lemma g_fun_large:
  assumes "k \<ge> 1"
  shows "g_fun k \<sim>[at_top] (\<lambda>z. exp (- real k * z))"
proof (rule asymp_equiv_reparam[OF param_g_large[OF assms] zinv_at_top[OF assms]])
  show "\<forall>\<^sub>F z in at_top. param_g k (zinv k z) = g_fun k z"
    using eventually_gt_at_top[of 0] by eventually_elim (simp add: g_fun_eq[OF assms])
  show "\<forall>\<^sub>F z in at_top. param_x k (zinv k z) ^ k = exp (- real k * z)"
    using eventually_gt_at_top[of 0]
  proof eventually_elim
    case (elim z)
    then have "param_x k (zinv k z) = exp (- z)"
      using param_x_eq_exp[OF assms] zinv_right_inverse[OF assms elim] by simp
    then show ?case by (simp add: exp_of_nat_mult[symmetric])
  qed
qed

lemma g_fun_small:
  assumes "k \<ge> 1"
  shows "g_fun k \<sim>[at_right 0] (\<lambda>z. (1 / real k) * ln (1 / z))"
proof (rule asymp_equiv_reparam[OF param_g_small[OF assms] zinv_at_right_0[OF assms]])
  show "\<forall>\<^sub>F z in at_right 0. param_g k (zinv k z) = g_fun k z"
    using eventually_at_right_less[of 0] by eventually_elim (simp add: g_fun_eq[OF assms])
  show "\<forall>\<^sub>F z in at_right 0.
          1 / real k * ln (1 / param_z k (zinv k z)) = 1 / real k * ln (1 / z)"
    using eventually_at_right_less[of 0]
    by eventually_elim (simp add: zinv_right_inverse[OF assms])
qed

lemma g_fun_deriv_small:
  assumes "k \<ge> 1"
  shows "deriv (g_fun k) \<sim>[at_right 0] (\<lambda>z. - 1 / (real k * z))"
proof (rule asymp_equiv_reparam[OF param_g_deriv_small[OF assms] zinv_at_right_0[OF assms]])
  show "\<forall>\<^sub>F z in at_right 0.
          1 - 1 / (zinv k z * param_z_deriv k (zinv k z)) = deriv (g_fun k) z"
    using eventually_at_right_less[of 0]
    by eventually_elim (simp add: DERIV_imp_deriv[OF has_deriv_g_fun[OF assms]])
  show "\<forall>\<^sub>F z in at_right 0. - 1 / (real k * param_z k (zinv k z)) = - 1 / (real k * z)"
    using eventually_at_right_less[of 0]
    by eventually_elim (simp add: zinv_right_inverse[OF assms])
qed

·····

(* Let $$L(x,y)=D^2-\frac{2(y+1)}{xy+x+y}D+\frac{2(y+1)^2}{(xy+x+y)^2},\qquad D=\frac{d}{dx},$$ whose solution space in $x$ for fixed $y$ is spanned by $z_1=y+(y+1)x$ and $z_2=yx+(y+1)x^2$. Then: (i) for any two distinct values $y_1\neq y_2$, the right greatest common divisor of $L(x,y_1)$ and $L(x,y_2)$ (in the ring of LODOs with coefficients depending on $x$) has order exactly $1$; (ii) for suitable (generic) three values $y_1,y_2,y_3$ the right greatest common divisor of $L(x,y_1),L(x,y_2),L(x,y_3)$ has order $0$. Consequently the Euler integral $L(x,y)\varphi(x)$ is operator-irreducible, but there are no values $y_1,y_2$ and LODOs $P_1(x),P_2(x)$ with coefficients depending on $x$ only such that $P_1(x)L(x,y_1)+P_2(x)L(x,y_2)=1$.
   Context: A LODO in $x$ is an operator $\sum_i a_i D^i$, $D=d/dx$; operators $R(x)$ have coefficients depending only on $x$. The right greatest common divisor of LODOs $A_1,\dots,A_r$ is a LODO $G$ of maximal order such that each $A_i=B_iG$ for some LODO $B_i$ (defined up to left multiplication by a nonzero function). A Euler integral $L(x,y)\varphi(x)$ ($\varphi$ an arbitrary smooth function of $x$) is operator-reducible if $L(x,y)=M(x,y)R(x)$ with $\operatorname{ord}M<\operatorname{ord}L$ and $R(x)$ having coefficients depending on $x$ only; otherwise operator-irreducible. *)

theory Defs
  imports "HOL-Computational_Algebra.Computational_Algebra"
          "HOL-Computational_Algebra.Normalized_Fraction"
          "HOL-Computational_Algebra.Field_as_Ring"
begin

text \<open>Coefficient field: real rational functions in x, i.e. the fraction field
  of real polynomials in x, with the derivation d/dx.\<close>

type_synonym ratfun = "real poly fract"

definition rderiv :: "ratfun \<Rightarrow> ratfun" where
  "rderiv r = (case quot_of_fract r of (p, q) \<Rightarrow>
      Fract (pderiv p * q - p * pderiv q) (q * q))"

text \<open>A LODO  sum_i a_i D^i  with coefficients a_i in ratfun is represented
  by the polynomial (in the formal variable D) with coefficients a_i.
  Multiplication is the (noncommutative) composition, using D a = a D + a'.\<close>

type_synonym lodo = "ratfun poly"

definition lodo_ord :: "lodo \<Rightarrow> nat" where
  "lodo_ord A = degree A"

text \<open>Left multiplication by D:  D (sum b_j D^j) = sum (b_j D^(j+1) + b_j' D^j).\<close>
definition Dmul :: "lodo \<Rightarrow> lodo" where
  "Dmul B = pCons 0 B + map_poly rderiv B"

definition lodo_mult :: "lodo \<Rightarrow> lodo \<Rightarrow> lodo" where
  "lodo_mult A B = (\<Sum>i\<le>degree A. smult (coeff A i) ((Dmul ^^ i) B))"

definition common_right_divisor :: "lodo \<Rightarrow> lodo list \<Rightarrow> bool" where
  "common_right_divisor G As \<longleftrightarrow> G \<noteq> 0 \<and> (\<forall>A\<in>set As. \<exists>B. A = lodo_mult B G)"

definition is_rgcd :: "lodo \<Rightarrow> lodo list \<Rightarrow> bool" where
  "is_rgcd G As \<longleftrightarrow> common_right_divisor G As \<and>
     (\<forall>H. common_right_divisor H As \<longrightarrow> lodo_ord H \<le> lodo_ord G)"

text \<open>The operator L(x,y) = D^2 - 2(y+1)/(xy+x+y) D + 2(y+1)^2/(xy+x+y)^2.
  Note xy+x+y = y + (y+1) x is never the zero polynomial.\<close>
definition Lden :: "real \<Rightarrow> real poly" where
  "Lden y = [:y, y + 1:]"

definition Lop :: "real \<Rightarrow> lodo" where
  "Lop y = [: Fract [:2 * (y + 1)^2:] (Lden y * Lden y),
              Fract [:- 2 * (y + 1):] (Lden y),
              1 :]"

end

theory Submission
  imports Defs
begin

·····

* Exercise details
Of the entries above, repeat exactly the lines from the line with "case (elim z)" through the line with "proof (rule asymp_equiv_reparam[OF param_g_small[OF", both of them included.

* Task solution
    case (elim z)
    then have "param_x k (zinv k z) = exp (- z)"
      using param_x_eq_exp[OF assms] zinv_right_inverse[OF assms elim] by simp
    then show ?case by (simp add: exp_of_nat_mult[symmetric])
  qed
qed

lemma g_fun_small:
  assumes "k \<ge> 1"
  shows "g_fun k \<sim>[at_right 0] (\<lambda>z. (1 / real k) * ln (1 / z))"
proof (rule asymp_equiv_reparam[OF param_g_small[OF assms] zinv_at_right_0[OF assms]])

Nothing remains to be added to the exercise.